Easter Sunday, April 16, 2006

 

The Worst Kept Secret in the Bible

by Rev. Dr. Jim Carlson

Mark 16:1-8

 

Asked to teach Greek to seminary students – astonished, trembling. Had to embrace those fears. 

Somehow the work of God in my life. Had to embrace my fears. 

Easter story in Mark 16 is about embracing fears before being able to follow Jesus. 

Mark 16 is a riddle. Original text ends at v. 8, rest of original gospel is lost. 9-20 are later additions. 

Reader is left to speculate original ending: Jesus appeared to disciples in Galilee, reconciled with Peter. 

Still must deal with women. Show verses. Other gospels say more about their involvement.  

Easter story: got up on Sunday, purchased spices, wondered who would roll away the stone.  

Young man sitting on the right side. White robe signifies heavenly messenger. Tells them Jesus has been raised.  

Tells them to notify disciples, especially Peter, that Jesus will meet them in Galilee, as he promised.  

Women fled in fear. End of gospel.  

Put yourself in the place of the women.  

Christian community not afraid to speak the gospel. Sometimes our boldness is annoying. 

Reaction to work of God in the world is often fear. Afraid because we cannot control it.  

Rolling of stone is out of the disciples hands. Young man in white robe is out of their hands. Jesus’ journey to Galilee is out of their hands. Can’t control work of God. 

Church is often not willing to accept secondary role. Relationship between church and society is changing drastically.  

Society no longer listens to the church in matters of morality. Many in church see relationship in terms of a battle. 

React out of fear? Comparison to 19th century Europe and papal infallibility. 
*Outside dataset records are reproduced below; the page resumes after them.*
(* Let $q>2$ be a prime power and $\ell>1$ an integer. The ideal $I_\ell := \langle x_{i+1}^{q-1}+1-(x_i+1)^{q-1} : i=1,\dots,\ell-1\rangle \subseteq \mathbb{F}_q[x_1,\dots,x_\ell]$ is a prime ideal, and the ideal $I'_\ell := \langle x_{i+1}^{q-1}+z^{q-1}-(x_i+z)^{q-1} : i=1,\dots,\ell-1\rangle \subseteq \mathbb{F}_q[x_1,\dots,x_\ell,z]$ is a homogeneous prime ideal which equals the homogenization of $I_\ell$ (with respect to the variable $z$).
   Context: $\mathbb{F}_q$ denotes the finite field with $q$ elements. The homogenization of an ideal $I\subseteq \mathbb{F}_q[x_1,\dots,x_\ell]$ is the ideal of $\mathbb{F}_q[x_1,\dots,x_\ell,z]$ generated by the homogenizations $z^{\deg f} f(x_1/z,\dots,x_\ell/z)$ of all $f\in I$. *)

theory Defs
  imports "HOL-Library.Poly_Mapping" "HOL-Algebra.Ideal"
begin

text \<open>Convention: variable index 0 is z, variable index i (i = 1..l) is x_i.\<close>

type_synonym 'a mpoly = "(nat \<Rightarrow>\<^sub>0 nat) \<Rightarrow>\<^sub>0 'a"

definition mvars :: "'a::zero mpoly \<Rightarrow> nat set" where
  "mvars p = (\<Union>m\<in>Poly_Mapping.keys p. Poly_Mapping.keys m)"

definition Var :: "nat \<Rightarrow> 'a::comm_ring_1 mpoly" where
  "Var i = Poly_Mapping.single (Poly_Mapping.single i 1) 1"

definition poly_ring :: "nat set \<Rightarrow> ('a::comm_ring_1 mpoly) ring" where
  "poly_ring V = \<lparr>carrier = {p. mvars p \<subseteq> V}, monoid.mult = (*), one = 1,
                  zero = 0, add = (+)\<rparr>"

definition mon_deg :: "(nat \<Rightarrow>\<^sub>0 nat) \<Rightarrow> nat" where
  "mon_deg m = (\<Sum>i\<in>Poly_Mapping.keys m. Poly_Mapping.lookup m i)"

definition total_deg :: "'a::zero mpoly \<Rightarrow> nat" where
  "total_deg p = (if p = 0 then 0 else Max (mon_deg ` Poly_Mapping.keys p))"

definition homogeneous :: "'a::zero mpoly \<Rightarrow> bool" where
  "homogeneous p \<longleftrightarrow> (\<forall>m\<in>Poly_Mapping.keys p. mon_deg m = total_deg p)"

text \<open>Homogenization with respect to the variable z (index 0):
  z^(deg f) f(x/z).\<close>
definition homogenize :: "'a::comm_ring_1 mpoly \<Rightarrow> 'a mpoly" where
  "homogenize p = (\<Sum>m\<in>Poly_Mapping.keys p.
      Poly_Mapping.single (m + Poly_Mapping.single 0 (total_deg p - mon_deg m)) (Poly_Mapping.lookup p m))"

definition homogeneous_ideal :: "('a::comm_ring_1 mpoly) ring \<Rightarrow> 'a mpoly set \<Rightarrow> bool" where
  "homogeneous_ideal R I \<longleftrightarrow> ideal I R \<and>
     (\<exists>G. G \<subseteq> carrier R \<and> (\<forall>g\<in>G. homogeneous g) \<and> I = genideal R G)"

definition homogenization_ideal ::
  "('a::comm_ring_1 mpoly) ring \<Rightarrow> 'a mpoly set \<Rightarrow> 'a mpoly set" where
  "homogenization_ideal R I = genideal R (homogenize ` I)"

end

theory Submission
  imports Defs "HOL-Computational_Algebra.Formal_Power_Series" "HOL-Computational_Algebra.Polynomial"
begin

unbundle fps_syntax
We cannot act out of fear. Must embrace our fears. No matter what happens, whether the gospel is accepted or rejected, regardless of whether or not some Christians think we’re winning or losing the war to keep this country a Christian nation, we cannot act out of fear.  

Forget that salvation is not our job, but God’s. We forget that Jesus is going ahead of us still. Cultural battle is not ours to win or lose. It’s God’s problem. Reaction of fear is desperate and inappropriate.